The result is a TEV of $92 billion for the NPS. This represents the total amount the U.S. public says it would be willing to pay in annual taxes so as not to lose national parks and programs. Put in other terms, 80 percent of respondents were willing to pay higher taxes to not be deprived of the parks.

The study found significant value in national parks ($60 billion) but also in the programs of the NPS—programs to protect historic buildings, natural landmarks, and educational programs within and outside national parks, valued at $32 billion. Previous research, which had focused only on visitor spending, had estimated a total value of $31 billion in economic output from $16.9 billion in visitor spending.

The yearly federal appropriation to the NPS is less than $3 billion—and it has been declining in real terms since 2001, Bilmes notes.

(The study was conducted independently of the NPS. Bilmes serves on the advisory board of the National Park System, a 12-person congressionally chartered panel that advises the secretary of interior and the director of the NPS on the designation of national historic landmarks and national natural landmarks, and other matters related to the National Park System.)
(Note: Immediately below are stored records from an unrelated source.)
(* Let $V=\mathbb{C}^6$ and let $\pi\subset\mathbb{P}(\wedge^2V)$ be a projective plane all of whose points have rank exactly four. Suppose that $\pi$ contains general lines, that the pivots of all general lines in $\pi$ pass through a common point of $\mathbb{P}(V)$, and that these pivots are not all equal. Then $\pi$ is $PGL_6$-equivalent to the plane $\pi_p$ spanned by $e_0\wedge e_3+e_1\wedge e_2$, $e_0\wedge e_4+e_2\wedge e_3$, $e_0\wedge e_5+e_1\wedge e_3$, where $e_0,\dots,e_5$ is a basis of $V$.
   Context: Elements of $\wedge^2\mathbb{C}^6$ are identified with skew-symmetric $6\times6$ matrices; rank means matrix rank. A projective line in $\mathbb{P}(\wedge^2V)$ all of whose points have rank four is called general if it is $PGL_6$-equivalent to the line spanned by $e_0\wedge e_2+e_1\wedge e_3$ and $e_0\wedge e_4+e_1\wedge e_5$. A general line $\ell$ is contained in $\mathbb{P}(W\wedge V)$ for a unique $2$-dimensional subspace $W\subset V$ (for the line above, $W=\langle e_0,e_1\rangle$); the projective line $\mathbb{P}(W)\subset\mathbb{P}(V)$ is called the pivot of $\ell$. Work over $\mathbb{C}$. *)

theory Defs
  imports "HOL-Analysis.Analysis"
begin

type_synonym vec6 = "complex ^ 6"
type_synonym mat6 = "complex ^ 6 ^ 6"

text \<open>Elements of wedge^2 C^6 as skew-symmetric 6x6 complex matrices.\<close>

definition skew :: "mat6 \<Rightarrow> bool" where
  "skew A \<longleftrightarrow> transpose A = - A"

definition smat :: "complex \<Rightarrow> mat6 \<Rightarrow> mat6" where
  "smat c A = (\<chi> i j. c * A $ i $ j)"

definition wedge :: "vec6 \<Rightarrow> vec6 \<Rightarrow> mat6" where
  "wedge u v = (\<chi> i j. u $ i * v $ j - v $ i * u $ j)"

definition e :: "6 \<Rightarrow> vec6" where
  "e k = axis k 1"

definition span2 :: "mat6 \<Rightarrow> mat6 \<Rightarrow> mat6 set" where
  "span2 A B = {smat a A + smat b B | a b. True}"

definition span3 :: "mat6 \<Rightarrow> mat6 \<Rightarrow> mat6 \<Rightarrow> mat6 set" where
  "span3 A B C = {smat a A + smat b B + smat c C | a b c. True}"

definition indep2 :: "mat6 \<Rightarrow> mat6 \<Rightarrow> bool" where
  "indep2 A B \<longleftrightarrow> (\<forall>a b. smat a A + smat b B = 0 \<longrightarrow> a = 0 \<and> b = 0)"

definition indep3 :: "mat6 \<Rightarrow> mat6 \<Rightarrow> mat6 \<Rightarrow> bool" where
  "indep3 A B C \<longleftrightarrow>
     (\<forall>a b c. smat a A + smat b B + smat c C = 0 \<longrightarrow> a = 0 \<and> b = 0 \<and> c = 0)"

text \<open>Projective lines / planes in P(wedge^2 V), represented by the
  corresponding 2- / 3-dimensional linear subspaces of skew matrices.\<close>
definition proj_line :: "mat6 set \<Rightarrow> bool" where
  "proj_line L \<longleftrightarrow> (\<exists>A B. skew A \<and> skew B \<and> indep2 A B \<and> L = span2 A B)"

definition proj_plane :: "mat6 set \<Rightarrow> bool" where
  "proj_plane P \<longleftrightarrow>
     (\<exists>A B C. skew A \<and> skew B \<and> skew C \<and> indep3 A B C \<and> P = span3 A B C)"

definition all_rank4 :: "mat6 set \<Rightarrow> bool" where
  "all_rank4 S \<longleftrightarrow> (\<forall>A\<in>S. A \<noteq> 0 \<longrightarrow> rank A = 4)"
(* Let $P$ and $Q$ be broken combs, and let $(P,c,x)$ and $(Q,c',x')$ be $n$-generated models on them, rooted at their roots, which are $3$-bisimilar. Then they are (fully) bisimilar.
   Context: An $n$-comb is a poset $\{x_1,\dots,x_n\}\sqcup\{y_1,\dots,y_n\}$ where $y_i\le z$ iff $y_i=z$, and $x_i\le z$ iff $z=x_j$ with $i\le j$ or $z=y_j$ with $i\le j$. A broken comb is a subposet of some $n$-comb containing all of $x_1,\dots,x_n$. A model over $n$ is a finite rooted poset with an order-preserving colouring into subsets of $\{p_1,\dots,p_n\}$; it is $n$-generated if no two distinct points generate bisimilar rooted submodels. Bisimulation: a relation relating the roots, preserving colours, with forth and back conditions along $\le$. $k$-bisimulation: relations $S_k\subseteq\dots\subseteq S_0$, roots related by $S_k$, $S_0$ colour-preserving, forth and back conditions from $S_{j+1}$ to $S_j$ for $j<k$. *)

theory Defs
  imports Main
begin

text \<open>A model over n: carrier A, order le on A, colouring c into subsets of
  {p_1,...,p_n} (represented as subsets of {1..n}), root r.\<close>

definition is_model :: "nat \<Rightarrow> 'a set \<Rightarrow> ('a \<Rightarrow> 'a \<Rightarrow> bool) \<Rightarrow> ('a \<Rightarrow> nat set) \<Rightarrow> 'a \<Rightarrow> bool" where
  "is_model n A le c r \<longleftrightarrow>
     finite A \<and> r \<in> A \<and>
     (\<forall>a\<in>A. le a a) \<and>
     (\<forall>a\<in>A. \<forall>b\<in>A. le a b \<and> le b a \<longrightarrow> a = b) \<and>
     (\<forall>a\<in>A. \<forall>b\<in>A. \<forall>d\<in>A. le a b \<and> le b d \<longrightarrow> le a d) \<and>
     (\<forall>a\<in>A. le r a) \<and>
     (\<forall>a\<in>A. c a \<subseteq> {1..n}) \<and>
     (\<forall>a\<in>A. \<forall>b\<in>A. le a b \<longrightarrow> c a \<subseteq> c b)"

definition is_bisimulation ::
  "('a \<times> 'b) set \<Rightarrow> 'a set \<Rightarrow> ('a \<Rightarrow> 'a \<Rightarrow> bool) \<Rightarrow> ('a \<Rightarrow> nat set) \<Rightarrow> 'a \<Rightarrow>
   'b set \<Rightarrow> ('b \<Rightarrow> 'b \<Rightarrow> bool) \<Rightarrow> ('b \<Rightarrow> nat set) \<Rightarrow> 'b \<Rightarrow> bool" where
  "is_bisimulation Z A le c r B le' c' r' \<longleftrightarrow>
     Z \<subseteq> A \<times> B \<and> (r, r') \<in> Z \<and>
     (\<forall>(u, v)\<in>Z. c u = c' v) \<and>
     (\<forall>(u, v)\<in>Z. \<forall>u'\<in>A. le u u' \<longrightarrow> (\<exists>v'\<in>B. le' v v' \<and> (u', v') \<in> Z)) \<and>
     (\<forall>(u, v)\<in>Z. \<forall>v'\<in>B. le' v v' \<longrightarrow> (\<exists>u'\<in>A. le u u' \<and> (u', v') \<in> Z))"

definition bisimilar ::
  "'a set \<Rightarrow> ('a \<Rightarrow> 'a \<Rightarrow> bool) \<Rightarrow> ('a \<Rightarrow> nat set) \<Rightarrow> 'a \<Rightarrow>
   'b set \<Rightarrow> ('b \<Rightarrow> 'b \<Rightarrow> bool) \<Rightarrow> ('b \<Rightarrow> nat set) \<Rightarrow> 'b \<Rightarrow> bool" where
  "bisimilar A le c r B le' c' r' \<longleftrightarrow> (\<exists>Z. is_bisimulation Z A le c r B le' c' r')"

definition is_k_bisimulation ::
  "nat \<Rightarrow> (nat \<Rightarrow> ('a \<times> 'b) set) \<Rightarrow> 'a set \<Rightarrow> ('a \<Rightarrow> 'a \<Rightarrow> bool) \<Rightarrow> ('a \<Rightarrow> nat set) \<Rightarrow> 'a \<Rightarrow>
   'b set \<Rightarrow> ('b \<Rightarrow> 'b \<Rightarrow> bool) \<Rightarrow> ('b \<Rightarrow> nat set) \<Rightarrow> 'b \<Rightarrow> bool" where
  "is_k_bisimulation k S A le c r B le' c' r' \<longleftrightarrow>
     (\<forall>j\<le>k. S j \<subseteq> A \<times> B) \<and>
     (\<forall>j<k. S (Suc j) \<subseteq> S j) \<and>
     (r, r') \<in> S k \<and>
     (\<forall>(u, v)\<in>S 0. c u = c' v) \<and>
     (\<forall>j<k. \<forall>(u, v)\<in>S (Suc j). \<forall>u'\<in>A. le u u' \<longrightarrow> (\<exists>v'\<in>B. le' v v' \<and> (u', v') \<in> S j)) \<and>
     (\<forall>j<k. \<forall>(u, v)\<in>S (Suc j). \<forall>v'\<in>B. le' v v' \<longrightarrow> (\<exists>u'\<in>A. le u u' \<and> (u', v') \<in> S j))"

definition k_bisimilar ::
  "nat \<Rightarrow> 'a set \<Rightarrow> ('a \<Rightarrow> 'a \<Rightarrow> bool) \<Rightarrow> ('a \<Rightarrow> nat set) \<Rightarrow> 'a \<Rightarrow>
   'b set \<Rightarrow> ('b \<Rightarrow> 'b \<Rightarrow> bool) \<Rightarrow> ('b \<Rightarrow> nat set) \<Rightarrow> 'b \<Rightarrow> bool" where
  "k_bisimilar k A le c r B le' c' r' \<longleftrightarrow> (\<exists>S. is_k_bisimulation k S A le c r B le' c' r')"

text \<open>Rooted submodel generated by a point w: the upset of w, rooted at w.\<close>

definition upset :: "'a set \<Rightarrow> ('a \<Rightarrow> 'a \<Rightarrow> bool) \<Rightarrow> 'a \<Rightarrow> 'a set" where
  "upset A le w = {v \<in> A. le w v}"

definition n_generated :: "'a set \<Rightarrow> ('a \<Rightarrow> 'a \<Rightarrow> bool) \<Rightarrow> ('a \<Rightarrow> nat set) \<Rightarrow> bool" where
  "n_generated A le c \<longleftrightarrow>
     (\<forall>u\<in>A. \<forall>w\<in>A. u \<noteq> w \<longrightarrow>
        \<not> bisimilar (upset A le u) le c u (upset A le w) le c w)"

datatype cpt = X nat | Y nat

fun comb_le :: "cpt \<Rightarrow> cpt \<Rightarrow> bool" where
  "comb_le (Y i) z = (z = Y i)"
| "comb_le (X i) (X j) = (i \<le> j)"
| "comb_le (X i) (Y j) = (i \<le> j)"

text \<open>The m-comb has points x_1..x_m, y_1..y_m.  A broken comb is the subposet
  containing all x_1..x_m and the teeth y_i for i in T, T \<subseteq> {1..m}.\<close>

definition broken_comb :: "nat \<Rightarrow> nat set \<Rightarrow> cpt set" where
  "broken_comb m T = {X i | i. 1 \<le> i \<and> i \<le> m} \<union> {Y i | i. i \<in> T}"

end

theory Submission
  imports Defs
begin

text \<open>In an n-generated model distinct maximal points carry distinct colours, a point whose
  upset is monochrome is maximal, and on a broken comb a tooth-less x_j is coloured strictly
  below x_(j+1); each time the alternative would give two distinct points with bisimilar
  generated submodels. Consequently the order of such a model is recovered from the colouring:
  u \<le> u' iff c u \<subseteq> c u' and every colour of a maximal point above u' is the colour of a
  maximal point above u. A 3-bisimulation relates every point, at depth 2, to a point with the
  same colour and the same colours of maximal points above it, since a maximal point can only
  be matched by a point with monochrome upset. Relating all points of equal colour and equal
  maximal colours is then a bisimulation.\<close>

definition is_maximal :: "'a set \<Rightarrow> ('a \<Rightarrow> 'a \<Rightarrow> bool) \<Rightarrow> 'a \<Rightarrow> bool" where
  "is_maximal A le w \<longleftrightarrow> w \<in> A \<and> (\<forall>z\<in>A. le w z \<longrightarrow> z = w)"

definition max_colours :: "'a set \<Rightarrow> ('a \<Rightarrow> 'a \<Rightarrow> bool) \<Rightarrow> ('a \<Rightarrow> nat set) \<Rightarrow> 'a \<Rightarrow> nat set set" where
  "max_colours A le c u = c ` {w. is_maximal A le w \<and> le u w}"

locale rooted_model =
  fixes n :: nat and A :: "'a set" and le :: "'a \<Rightarrow> 'a \<Rightarrow> bool" and c :: "'a \<Rightarrow> nat set" and r :: 'a
  assumes model: "is_model n A le c r"
begin

lemma finite_carrier: "finite A"
  using model unfolding is_model_def by blast
lemma refl_le: "a \<in> A \<Longrightarrow> le a a"
  using model unfolding is_model_def by blast
lemma antisym_le: "a \<in> A \<Longrightarrow> b \<in> A \<Longrightarrow> le a b \<Longrightarrow> le b a \<Longrightarrow> a = b"
  using model unfolding is_model_def by blast
lemma trans_le: "a \<in> A \<Longrightarrow> b \<in> A \<Longrightarrow> d \<in> A \<Longrightarrow> le a b \<Longrightarrow> le b d \<Longrightarrow> le a d"
  using model unfolding is_model_def by blast
lemma root_le: "a \<in> A \<Longrightarrow> le r a"
  using model unfolding is_model_def by blast
lemma colour_mono: "a \<in> A \<Longrightarrow> b \<in> A \<Longrightarrow> le a b \<Longrightarrow> c a \<subseteq> c b"
  using model unfolding is_model_def by blast
definition arc_set :: "'a::topological_space set \<Rightarrow> bool" where
  "arc_set A \<longleftrightarrow> A homeomorphic {0..1::real}"

definition almost_injective :: "'a::topological_space set \<Rightarrow> ('a \<Rightarrow> 'b) \<Rightarrow> bool" where
  "almost_injective S g \<longleftrightarrow> S \<subseteq> closure {x \<in> S. {y \<in> S. g y = g x} = {x}}"

definition irreducible_map :: "'a::metric_space set \<Rightarrow> ('a \<Rightarrow> 'b) \<Rightarrow> bool" where
  "irreducible_map S g \<longleftrightarrow>
     (\<forall>K. K \<subseteq> S \<and> continuum K \<and> K \<noteq> S \<longrightarrow> g ` K \<subset> g ` S)"

definition hereditarily_irreducible :: "'a::metric_space set \<Rightarrow> ('a \<Rightarrow> 'b) \<Rightarrow> bool" where
  "hereditarily_irreducible S g \<longleftrightarrow>
     (\<forall>A B. B \<subseteq> S \<and> continuum A \<and> continuum B \<and> A \<subset> B \<longrightarrow> g ` A \<subset> g ` B)"

definition strongly_irreducible :: "'a::metric_space set \<Rightarrow> ('a \<Rightarrow> 'b) \<Rightarrow> bool" where
  "strongly_irreducible S g \<longleftrightarrow>
     (\<forall>A. closedin (top_of_set S) A \<and> A \<subset> S \<longrightarrow> g ` A \<subset> g ` S)"

definition arcwise_increasing :: "'a::metric_space set \<Rightarrow> ('a \<Rightarrow> 'b) \<Rightarrow> bool" where
  "arcwise_increasing S g \<longleftrightarrow>
     (\<forall>A B. B \<subseteq> S \<and> arc_set A \<and> arc_set B \<and> A \<subset> B \<longrightarrow> g ` A \<subset> g ` B)"

definition edge :: "'a::metric_space set \<Rightarrow> 'a set \<Rightarrow> bool" where
  "edge X E \<longleftrightarrow> openin (top_of_set X) E \<and> E homeomorphic {0<..<1::real} \<and>
     (\<forall>F. openin (top_of_set X) F \<and> F homeomorphic {0<..<1::real} \<and> E \<subseteq> F \<longrightarrow> F = E)"

definition edge_union :: "'a::metric_space set \<Rightarrow> 'a set" where
  "edge_union X = \<Union>{E. edge X E}"

definition Gr :: "'a::metric_space set \<Rightarrow> 'a set" where
  "Gr X = X - edge_union X"

definition peano_graph :: "'a::metric_space set \<Rightarrow> bool" where
  "peano_graph X \<longleftrightarrow> peano_continuum X \<and> X \<subseteq> closure (edge_union X)"

definition edgewise_eulerian :: "'a::metric_space set \<Rightarrow> 'b::metric_space set \<Rightarrow> ('a \<Rightarrow> 'b) \<Rightarrow> bool" where
  "edgewise_eulerian S X g \<longleftrightarrow>
     (\<forall>x \<in> edge_union X. \<exists>t. {s \<in> S. g s = x} = {t})"

text \<open>Zero-dimensional (small inductive dimension at most 0): every point has arbitrarily
  small relatively clopen neighbourhoods.\<close>
definition zero_dimensional :: "'a::metric_space set \<Rightarrow> bool" where
  "zero_dimensional A \<longleftrightarrow>
     (\<forall>x \<in> A. \<forall>U. open U \<and> x \<in> U \<longrightarrow>
        (\<exists>V. openin (top_of_set A) V \<and> closedin (top_of_set A) V \<and> x \<in> V \<and> V \<subseteq> U))"

end

theory Submission
  imports Defs
begin

(* Almost injectivity is the pivot. If the points with a one-point fibre are dense, every
   nonempty open set of the circle contains such a point, so the image shrinks whenever an open
   set is removed; and a proper subcontinuum of a subcontinuum B of the circle misses an open arc
   of B. Conversely, if g is irreducible, complements of small open arcs are proper subcontinua,
   so near every point there are points without a twin (a point of the same fibre) at distance
   at least e; these form dense open sets and Baire's theorem makes the injective points dense.

   For a Peano graph X, the preimage of Gr(X) contains no open arc: by strong irreducibility
   the image of its complement misses a point of X, hence an edge point. On the circle this is
   zero-dimensionality. On the preimage of an edge the map has a real coordinate; two preimages
   of one edge point would give three arcs issuing from the same level, two of which leave it
   on the same side, and an injective point on one of them would have a twin on the other. *)

section \<open>Arcs of the circle\<close>

lemma cis_in_circle [simp]: "cis x \<in> circle"
  by (simp add: circle_def)

lemma continuous_on_cis_id [continuous_intros]: "continuous_on A cis"
  using continuous_on_cis[OF continuous_on_id] by simp

lemma compact_circle: "compact circle"
  by (simp add: circle_def)

lemma cis_Arg_circle: "z \<in> circle \<Longrightarrow> cis (Arg z) = z"
  by (metis cis_rcis_eq circle_def mem_sphere_0 rcis_cmod_Arg)

lemma cis_eq_imp_eq:
  assumes "cis x = cis y" "\<bar>x - y\<bar> < 2*pi"
  shows "x = y"
proof -
  have "\<i> * complex_of_real x = \<i> * complex_of_real y"
    by (rule exp_complex_eqI[rotated]) (use assms in \<open>simp_all add: cis_conv_exp\<close>)
  then show ?thesis by simp
qed

lemma circle_eq_cis:
  assumes "z \<in> circle"
  obtains \<phi> where "a \<le> \<phi>" "\<phi> < a + 2*pi" "z = cis \<phi>"
proof -
  define k where "k = \<lfloor>(Arg z - a) / (2*pi)\<rfloor>"
  have "2*pi*k \<le> Arg z - a" "Arg z - a < 2*pi*(k + 1)"
    using floor_divide_lower[of "2*pi"] floor_divide_upper[of "2*pi"] unfolding k_def
    by (simp_all add: mult.commute)
  moreover have "cis (Arg z - 2*pi*k) = z"
    using cis_Arg_circle[OF assms] by (simp add: cis_divide[symmetric] cis_multiple_2pi)
  ultimately show thesis
    by (intro that[of "Arg z - 2*pi*k"]) (auto simp: algebra_simps)
qed
lemma card_B_nbr_ge_if_other_B:
  assumes fin: "finite U" and p: "p \<in> U" and k: "k \<in> {1..n}" and j: "j \<in> {1..n}" "j \<noteq> k"
  shows "n + 2 \<le> card (nbr (B k) p)"
proof -
  have Bk: "B k \<in> DivAtoms n" and Bj: "B j \<in> DivAtoms n"
    using k j by (simp_all add: mem_DivAtoms_iff)
  obtain x y where x: "x \<in> nbr (B k) p" and y: "y \<in> nbr (B k) p" and xy: "(x, y) \<in> h {R}"
    using R_edge_in_nbr[OF Bk p] .
  have "x \<noteq> y"
    using xy diversity_irrefl[of R] by (auto simp: mem_DivAtoms_iff)
  obtain w where xw: "(x, w) \<in> h {B j}" and wy: "(w, y) \<in> h {B j}"
    using mandatory_triangle[of "B j" "B j", OF _ _ R_mem_atom_comp xy] j by auto
  have "w \<noteq> p"
    using xw x atom_sym[of "B k" p x] h_atoms_disjoint[of "B j" "B k"] k j by (auto simp: nbr_def)
  then have "(p, w) \<in> h {R}"
    using B_B_path[OF k j(1) _ xw] x by (auto simp: nbr_def)
  then show ?thesis
    using card_nbr_ge_if_class_twice[OF fin Bk _ Bj \<open>x \<noteq> y\<close> x y xw atom_sym[OF _ wy]] j
    by simp
qed

lemma card_B_nbr_ge_if_single_B:
  assumes fin: "finite U" and p: "p \<in> U" and n: "n = 1"
  shows "3 \<le> card (nbr (B 1) p)"
proof -
  have B1: "B 1 \<in> DivAtoms n"
    using n by (simp add: mem_DivAtoms_iff)
  obtain x y where x: "x \<in> nbr (B 1) p" and y: "y \<in> nbr (B 1) p" and xy: "(x, y) \<in> h {R}"
    using R_edge_in_nbr[OF B1 p] .
  have "x \<noteq> y"
    using xy diversity_irrefl[of R] by (auto simp: mem_DivAtoms_iff)
  obtain w where xw: "(x, w) \<in> h {R}" and wy: "(w, y) \<in> h {R}"
    using mandatory_triangle[OF R_mem_Atoms R_mem_Atoms R_mem_atom_comp xy] by blast
  have "w \<noteq> p"
    using xw x atom_sym[of "B 1" p x] h_atoms_disjoint[of R "B 1"] n by (auto simp: nbr_def)
  obtain \<gamma> where \<gamma>: "\<gamma> \<in> Atoms n" "(p, w) \<in> h {\<gamma>}"
    using pair_in_some_atom[OF p] atom_in_U[OF R_mem_Atoms xw] by blast
  have "\<gamma> \<noteq> One"
    using \<gamma>(2) \<open>w \<noteq> p\<close> by (auto simp: h_One)
  with \<gamma>(1) n consider "\<gamma> = R" | "\<gamma> = B 1"
    by (auto simp: Atoms_def)
  then show ?thesis
  proof cases
    case 1
    then show ?thesis
      using card_nbr_ge_if_class_twice[OF fin B1 _ _ \<open>x \<noteq> y\<close> x y xw atom_sym[OF _ wy]] \<gamma> n
      by (simp add: mem_DivAtoms_iff)
  next
    case 2
    have "w \<noteq> x" "w \<noteq> y"
      using xw wy diversity_irrefl[of R] by (auto simp: mem_DivAtoms_iff)
    then have "card {x, y, w} = 3"
      using \<open>x \<noteq> y\<close> by simp
    moreover have "card {x, y, w} \<le> card (nbr (B 1) p)"
      using x y \<gamma> 2 n finite_nbr[OF fin, of "B 1" p] by (intro card_mono) (simp_all add: nbr_def)
    ultimately show ?thesis
      by simp
  qed
qed

lemma card_B_nbr_ge:
  assumes fin: "finite U" and p: "p \<in> U" and k: "k \<in> {1..n}"
  shows "n + 2 \<le> card (nbr (B k) p)"
proof (cases "n = 1")
  case True
  then show ?thesis
    using card_B_nbr_ge_if_single_B[OF fin p] k by simp
next
  case False
  then have "(if k = 1 then 2 else 1) \<in> {1..n}" "(if k = 1 then 2 else 1) \<noteq> k"
    using k by auto
  then show ?thesis
    using card_B_nbr_ge_if_other_B[OF fin p k] by blast
qed

lemma card_UN_B_nbr_ge:
  assumes fin: "finite U" and p: "p \<in> U"
  shows "n * (n + 2) \<le> card (\<Union>k\<in>{1..n}. nbr (B k) p)"
proof -
  have "n * (n + 2) = (\<Sum>k\<in>{1..n}. n + 2)"
    by simp
  also have "\<dots> \<le> (\<Sum>k\<in>{1..n}. card (nbr (B k) p))"
    using card_B_nbr_ge[OF fin p] by (intro sum_mono) simp
  also have "\<dots> = card (\<Union>k\<in>{1..n}. nbr (B k) p)"
    using finite_nbr[OF fin] nbr_disjoint by (intro card_UN_disjoint[symmetric]) auto
  finally show ?thesis .
qed

lemma UN_B_nbr_subset_closed_R_nbr:
  assumes "j \<in> {1..n}" "y \<in> nbr (B j) x"
  shows "(\<Union>k\<in>{1..n}. nbr (B k) y) \<subseteq> insert x (nbr R x)"
proof
  fix t
  assume "t \<in> (\<Union>k\<in>{1..n}. nbr (B k) y)"
  then obtain k where "k \<in> {1..n}" "(y, t) \<in> h {B k}"
    by (auto simp: nbr_def)
  with assms B_B_path[of j k x y t] show "t \<in> insert x (nbr R x)"
    by (auto simp: nbr_def)
qed

lemma card_closed_R_nbr_ge:
  assumes fin: "finite U" and n: "1 \<le> n" and x: "x \<in> U"
  shows "n * (n + 2) + 1 \<le> card (insert x (nbr R x))"
proof -
  have B1: "B 1 \<in> Atoms n"
    using n by simp
  have "(x, x) \<in> h {One}"
    using x by (auto simp: h_One)
  then obtain y where xy: "(x, y) \<in> h {B 1}"
    using mandatory_triangle[OF B1 B1 One_mem_atom_comp_self] by blast
  obtain z where xz: "(x, z) \<in> h {R}" and zy: "(z, y) \<in> h {R}"
    using mandatory_triangle[OF R_mem_Atoms R_mem_Atoms mem_atom_comp_R xy] B1
    by (auto simp: mem_DivAtoms_iff)
  let ?By = "\<Union>k\<in>{1..n}. nbr (B k) y"
  have "z \<notin> ?By"
  proof
    assume "z \<in> ?By"
    then obtain k where "k \<in> {1..n}" "(y, z) \<in> h {B k}"
      by (auto simp: nbr_def)
    then show False
      using atom_sym[OF R_mem_Atoms zy] h_atoms_disjoint[of R "B k"] by auto
  qed
  moreover have "finite ?By"
    using finite_nbr[OF fin] by simp
  ultimately have "card ?By + 1 = card (insert z ?By)"
    by simp
  also have "\<dots> \<le> card (insert x (nbr R x))"
  proof (rule card_mono)
    show "finite (insert x (nbr R x))"
      using finite_nbr[OF fin R_mem_Atoms] by simp
    show "insert z ?By \<subseteq> insert x (nbr R x)"
      using UN_B_nbr_subset_closed_R_nbr[of 1 y x] xy xz n by (auto simp: nbr_def)
  qed
  finally show ?thesis
    using card_UN_B_nbr_ge[OF fin] atom_in_U[OF B1 xy] by fastforce
qed

lemma closed_R_nbr_Int_UN_B_nbr: "insert x (nbr R x) \<inter> (\<Union>k\<in>{1..n}. nbr (B k) x) = {}"
proof -
  have "x \<notin> nbr (B k) x" if "k \<in> {1..n}" for k
    using that diversity_irrefl[of "B k" x] by (simp add: nbr_def mem_DivAtoms_iff)
  moreover have "nbr R x \<inter> nbr (B k) x = {}" if "k \<in> {1..n}" for k
    using that by (simp add: nbr_disjoint)
  ultimately show ?thesis
    by blast
qed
The TEV study is part of a larger effort that Bilmes has led to document a wide range of non-visitation benefits of the national parks—including carbon sequestration and watershed protection, the NPS role in education, and creation of intellectual property (such as filming of movies). The many categories of value were identified by Francis Choi and Tim Marlowe (both MPP 2012) in their Policy Analysis Exercise “The Value of America’s Greatest Idea,” which won the Christopher P. Kaneb Prize for the Best Masters Student Paper awarded by The Harvard Environmental Economics Program.

separate paper, co-authored by Bilmes, Loomis, and Adam Banasiak MPP 2014, finds that carbon sequestration on NPS land (excluding Alaska) amounts to 17.5 million metric tons of CO2, valued at $707 million annually. The authors plan to release several additional papers this year, including one that estimates the value-added of intellectual property. The authors have identified more than 800 major films and TV shows that were produced on NPS lands—many of which became blockbusters. For example, George Lucas paid almost nothing to film the Star Wars series in Death Valley (it would go on to gross $4 billion). “Some of the most iconic movie scenes of all time have been filmed on NPS properties,” says Bilmes, “including Badlands National Park (Dances with Wolves), Mt. Rushmore (North by Northwest), and Arches National Park (Thelma and Louise).”

Findings on other aspects of valuation, including watershed protection, will continue to roll out during the national parks’ centennial year, with a book to come in 2017. It seems a suitably sweeping, large-scale treatment for an equally vast resource. “All of these places are irreplaceable in different ways,” says Bilmes. “At Gettysburg, you can stand in front of a tree that still has a cannonball embedded in it from the Civil War. In essence, the national parks are the American story.” Grasping the value of that story could help ensure its existence for generations to come.